Council property services group manager David Bainbridge-Zafar said the Civic Centre work would be similar in nature to that done on the City Library in 2019.

Naylor Love crews began work on the Civic Centre in January, Mr Bainbridge-Zafar said.

To lessen disturbance, noisier work would be done before 9am and after 4pm on weekdays, he said.

The repairs were due to be finished by June next year.

The roof replacement work had originally been budgeted for between $2 million and $3 million.

The council was asked to explain the difference between the budgeted costs and the $4.4 million revealed yesterday afternoon, but was not able to reply immediately.

The council’s repair programme also includes the historic buildings next door.

Repairing the exterior of Dunedin’s Municipal Chambers and town hall complex is expected to take several years and work will begin in the middle of this year.

In November, last year, a piece of ornamental Oamaru stone fell from the Municipal Chambers.

The public building complex is one of Dunedin’s most prominent and the city council has noted repairing and preserving its integrity, weathertightness and character as a priority.

Last month, Mr Bainbridge-Zafar said the council was assessing the level and scope of work needed.

hamish.maclean@odt.co.nz

 

Comments

It is said that Dunedin is the 5th largest city in the world by geographical area.
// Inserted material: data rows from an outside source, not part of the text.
(* Let $n,d,k\in\mathbb{N}$ with $d\ge16k\ge32$, and set $\beta=1+\frac12\log\big(\frac{d}{16k}\big)$. Let $P^1,\dots,P^d$ be independent draws from $\mathsf{Beta}(\beta,\beta)$ and let $X\in(\{0,1\}^d)^n$ have entries $X_i^j$ independent conditioned on $P$ with $\mathbb{E}[X_i^j\mid P]=P^j$. Let $M:(\{0,1\}^d)^n\to\{0,1\}^d$ be $(1,1/(8nd))$-differentially private. Suppose that for every $j\in[d]$, conditioned on $P$ (probabilities over $X$ and the randomness of $M$): (1) if $P^j\le\frac78-\frac3{16}$ then $\Pr[M(X)^j=1]\le\frac{k}{16d}$; (2) if $P^j\ge\frac78$ then $\Pr[M(X)^j=1]\ge1-\frac1{16}$. Then $n\ge\frac1{16}\sqrt{k}\,\log\big(\frac{d}{16k}\big)$.
   Context: A dataset $x\in(\{0,1\}^d)^n$ is an $n\times d$ matrix with rows $x_i$; two datasets are neighbors if they differ in at most one row. A randomized algorithm $M$ is $(\varepsilon,\delta)$-differentially private if for all neighboring $x,x'$ and all sets $R$ of outputs, $\Pr[M(x)\in R]\le e^\varepsilon\Pr[M(x')\in R]+\delta$. $\mathsf{Beta}(\alpha,\beta)$ has density proportional to $p^{\alpha-1}(1-p)^{\beta-1}$ on $[0,1]$. $\log$ is the natural logarithm. *)

theory Defs
  imports "HOL-Probability.Probability"
begin

definition datasets :: "nat \<Rightarrow> nat \<Rightarrow> bool list list set" where
  "datasets n d = {x. length x = n \<and> (\<forall>r\<in>set x. length r = d)}"

definition neighbors :: "bool list list \<Rightarrow> bool list list \<Rightarrow> bool" where
  "neighbors x x' \<longleftrightarrow> length x = length x' \<and> card {i. i < length x \<and> x ! i \<noteq> x' ! i} \<le> 1"

definition diff_private ::
  "nat \<Rightarrow> nat \<Rightarrow> real \<Rightarrow> real \<Rightarrow> (bool list list \<Rightarrow> 'b pmf) \<Rightarrow> bool" where
  "diff_private n d \<epsilon> \<delta> M \<longleftrightarrow>
     (\<forall>x\<in>datasets n d. \<forall>x'\<in>datasets n d. neighbors x x' \<longrightarrow>
        (\<forall>R. measure_pmf.prob (M x) R \<le> exp \<epsilon> * measure_pmf.prob (M x') R + \<delta>))"

definition beta_density :: "real \<Rightarrow> real \<Rightarrow> real \<Rightarrow> real" where
  "beta_density a b p =
     (if 0 < p \<and> p < 1 then p powr (a - 1) * (1 - p) powr (b - 1) / Beta a b else 0)"

definition beta_measure :: "real \<Rightarrow> real \<Rightarrow> real measure" where
  "beta_measure a b = density lborel (\<lambda>p. ennreal (beta_density a b p))"

text \<open>Law of P = (P^1,...,P^d), coordinates iid Beta(a,b) (coordinates indexed 0..d-1).\<close>
definition beta_prior :: "nat \<Rightarrow> real \<Rightarrow> (nat \<Rightarrow> real) measure" where
  "beta_prior d a = PiM {..<d} (\<lambda>_. beta_measure a a)"

definition data_weight :: "nat \<Rightarrow> nat \<Rightarrow> (nat \<Rightarrow> real) \<Rightarrow> bool list list \<Rightarrow> real" where
  "data_weight n d p x = (\<Prod>i<n. \<Prod>j<d. if x ! i ! j then p j else 1 - p j)"

definition cond_prob_one ::
  "nat \<Rightarrow> nat \<Rightarrow> (bool list list \<Rightarrow> bool list pmf) \<Rightarrow> (nat \<Rightarrow> real) \<Rightarrow> nat \<Rightarrow> real" where
  "cond_prob_one n d M p j =
     (\<Sum>x\<in>datasets n d. data_weight n d p x * measure_pmf.prob (M x) {y. y ! j})"

end

theory Submission
  imports Defs
begin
I truly believe residents and ratepayers would be better served with the DCC at the centre, rather than the civic centre. That would be some 40km or so directly west of the city, in a paddock, within 5km of a rail line, offices housed in repurposed shipping containers stacked 5 high. Using the cycleway for their electric bikes, that way even Aaron wouldn't need to bludge rides, and they can all pay for train tickets instead of driving cars, keeping the Taieri Train running for tourists.
Sell the civic to a developer to create apartment living, that way the housing issue is better addressed using the so-called 'infill' proposition and ratepayers save millions.